* _WHAT YOU ARE ASKED TO DO_
One number should be the full reply: how many lines of the material below contain "finite".
———
definition dist_fun :: "('x \<Rightarrow> 'x \<Rightarrow> real) \<Rightarrow> ('x \<times> 'x \<Rightarrow> real)" where
  "dist_fun d = (\<lambda>(i, j). d i j)"

definition cfun :: "('x \<Rightarrow> 'x \<Rightarrow> real) \<Rightarrow> ('x \<times> 'x \<Rightarrow> real)" where
  "cfun d = (\<lambda>(i, j). if i \<noteq> j then 1 / (d i j)\<^sup>2 else 0)"

definition tens_one :: "('x \<times> 'x \<Rightarrow> real) \<Rightarrow> ('x \<times> 'x \<Rightarrow> 'q::real_algebra_1)" where
  "tens_one F = (\<lambda>p. of_real (F p))"

text \<open>Laplacian of the spectral triple, explicitly
  L(f)(i) = kappa * sum_{j ~= i} d_ij^{-2} (f j - f i), and L (x) id on C(X) (x) Q = X -> Q.\<close>
definition laplacian :: "real \<Rightarrow> ('x::finite \<Rightarrow> 'x \<Rightarrow> real) \<Rightarrow> ('x \<Rightarrow> real) \<Rightarrow> ('x \<Rightarrow> real)" where
  "laplacian \<kappa> d f = (\<lambda>i. \<kappa> * (\<Sum>j\<in>UNIV - {i}. (1 / (d i j)\<^sup>2) * (f j - f i)))"

definition laplacian_id :: "real \<Rightarrow> ('x::finite \<Rightarrow> 'x \<Rightarrow> real) \<Rightarrow> ('x \<Rightarrow> 'q::real_algebra_1) \<Rightarrow> ('x \<Rightarrow> 'q)" where
  "laplacian_id \<kappa> d F = (\<lambda>i. \<kappa> *\<^sub>R (\<Sum>j\<in>UNIV - {i}. (1 / (d i j)\<^sup>2) *\<^sub>R (F j - F i)))"

end

theory Submission
  imports Defs
begin

text \<open>Each of the four conditions says that the magic unitary q never moves a pair (a, b) of
  points to a pair (k, l) at a different distance, i.e. q a k * q b l = 0 whenever
  d a b \<noteq> d k l. For (i) and (ii) this is seen by multiplying the identity by q a k on the left
  and by q b l on the right, which by orthogonality of the projections picks out a single term;
  the converse uses that rows and columns of q sum to 1. Condition (iii) is the same statement
  for the weights d^-2, which determine d. For (iv), testing the intertwining relation on
  indicator functions gives a relation between q L and L q which, after multiplying by the
  projection q i m, splits into Banica's condition for d^-2 and an equality of degrees.\<close>

context
  fixes q :: "'x::finite \<Rightarrow> 'x \<Rightarrow> 'q::real_algebra_1"
  assumes magic: "magic_unitary q"
begin

lemma magic_unitary_row_sum: "(\<Sum>j\<in>UNIV. q i j) = 1"
  using magic unfolding magic_unitary_def by auto

lemma magic_unitary_col_sum: "(\<Sum>i\<in>UNIV. q i j) = 1"
  using magic unfolding magic_unitary_def by auto

lemma magic_unitary_idem: "q i j * q i j = q i j"
  using magic unfolding magic_unitary_def by auto

lemma magic_unitary_mult_row_sum:
  "q a k * (\<Sum>j\<in>UNIV. c j *\<^sub>R q a j) = c k *\<^sub>R q a k"
proof -
  have "q a k * (c j *\<^sub>R q a j) = (if j = k then c k *\<^sub>R q a k else 0)" for j
    using magic unfolding magic_unitary_def by auto
  then show ?thesis by (simp add: sum_distrib_left)
qed

lemma magic_unitary_mult_col_sum_left:
  "q a k * (\<Sum>i\<in>UNIV. c i *\<^sub>R q i k) = c a *\<^sub>R q a k"
proof -
  have "q a k * (c i *\<^sub>R q i k) = (if i = a then c a *\<^sub>R q a k else 0)" for i
    using magic unfolding magic_unitary_def by auto
  then show ?thesis by (simp add: sum_distrib_left)
qed

lemma magic_unitary_mult_col_sum_right:
  "(\<Sum>i\<in>UNIV. c i *\<^sub>R q i l) * q b l = c b *\<^sub>R q b l"
proof -
  have "(c i *\<^sub>R q i l) * q b l = (if i = b then c b *\<^sub>R q b l else 0)" for i
    using magic unfolding magic_unitary_def by auto
  then show ?thesis by (simp add: sum_distrib_right)
qed

end

text \<open>q a k * q b l is the coefficient of \<delta>_k \<otimes> \<delta>_l in \<alpha>^(2)(\<delta>_a \<otimes> \<delta>_b).\<close>
definition preserves :: "('x \<Rightarrow> 'x \<Rightarrow> real) \<Rightarrow> ('x \<Rightarrow> 'x \<Rightarrow> 'q::real_algebra_1) \<Rightarrow> bool" where
  "preserves M q \<longleftrightarrow> (\<forall>a b k l. M a b \<noteq> M k l \<longrightarrow> q a k * q b l = 0)"

lemma preserves_scaleR:
  assumes "preserves M q"
  shows "M a b *\<^sub>R (q a k * q b l) = M k l *\<^sub>R (q a k * q b l)"
  using assms unfolding preserves_def by (cases "M a b = M k l") auto

lemma preservesI_scaleR:
  assumes "\<And>a b k l. M a b *\<^sub>R (q a k * q b l) = M k l *\<^sub>R (q a k * q b l)"
  shows "preserves M q"
  using assms unfolding preserves_def by (metis scaleR_cancel_right)

lemma preserves_comp:
  assumes "inj_on g S" and "\<And>i j. M i j \<in> S"
  shows "preserves (\<lambda>i j. g (M i j)) q \<longleftrightarrow> preserves M q"
  using assms unfolding preserves_def by (simp add: inj_on_eq_iff)

lemma preserves_degree:
  fixes q :: "'x::finite \<Rightarrow> 'x \<Rightarrow> 'q::real_algebra_1"
  assumes magic: "magic_unitary q" and pres: "preserves M q"
  shows "(\<Sum>j\<in>UNIV. M i j) *\<^sub>R q i m = (\<Sum>j\<in>UNIV. M m j) *\<^sub>R q i m"
proof -
  have "(\<Sum>j\<in>UNIV. M i j) *\<^sub>R q i m = (\<Sum>j\<in>UNIV. M i j *\<^sub>R (q i m * (\<Sum>l\<in>UNIV. q j l)))"
    by (simp add: magic_unitary_row_sum[OF magic] scaleR_sum_left)
  also have "\<dots> = (\<Sum>j\<in>UNIV. \<Sum>l\<in>UNIV. M i j *\<^sub>R (q i m * q j l))"
    by (simp add: sum_distrib_left scaleR_sum_right)
  also have "\<dots> = (\<Sum>j\<in>UNIV. \<Sum>l\<in>UNIV. M m l *\<^sub>R (q i m * q j l))"
    by (intro sum.cong refl) (rule preserves_scaleR[OF pres])
  also have "\<dots> = (\<Sum>l\<in>UNIV. M m l *\<^sub>R (q i m * (\<Sum>j\<in>UNIV. q j l)))"
    by (subst sum.swap) (simp add: sum_distrib_left scaleR_sum_right)
  also have "\<dots> = (\<Sum>j\<in>UNIV. M m j) *\<^sub>R q i m"
    by (simp add: magic_unitary_col_sum[OF magic] scaleR_sum_left)
  finally show ?thesis .
qed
———
* _ANSWER AREA_
4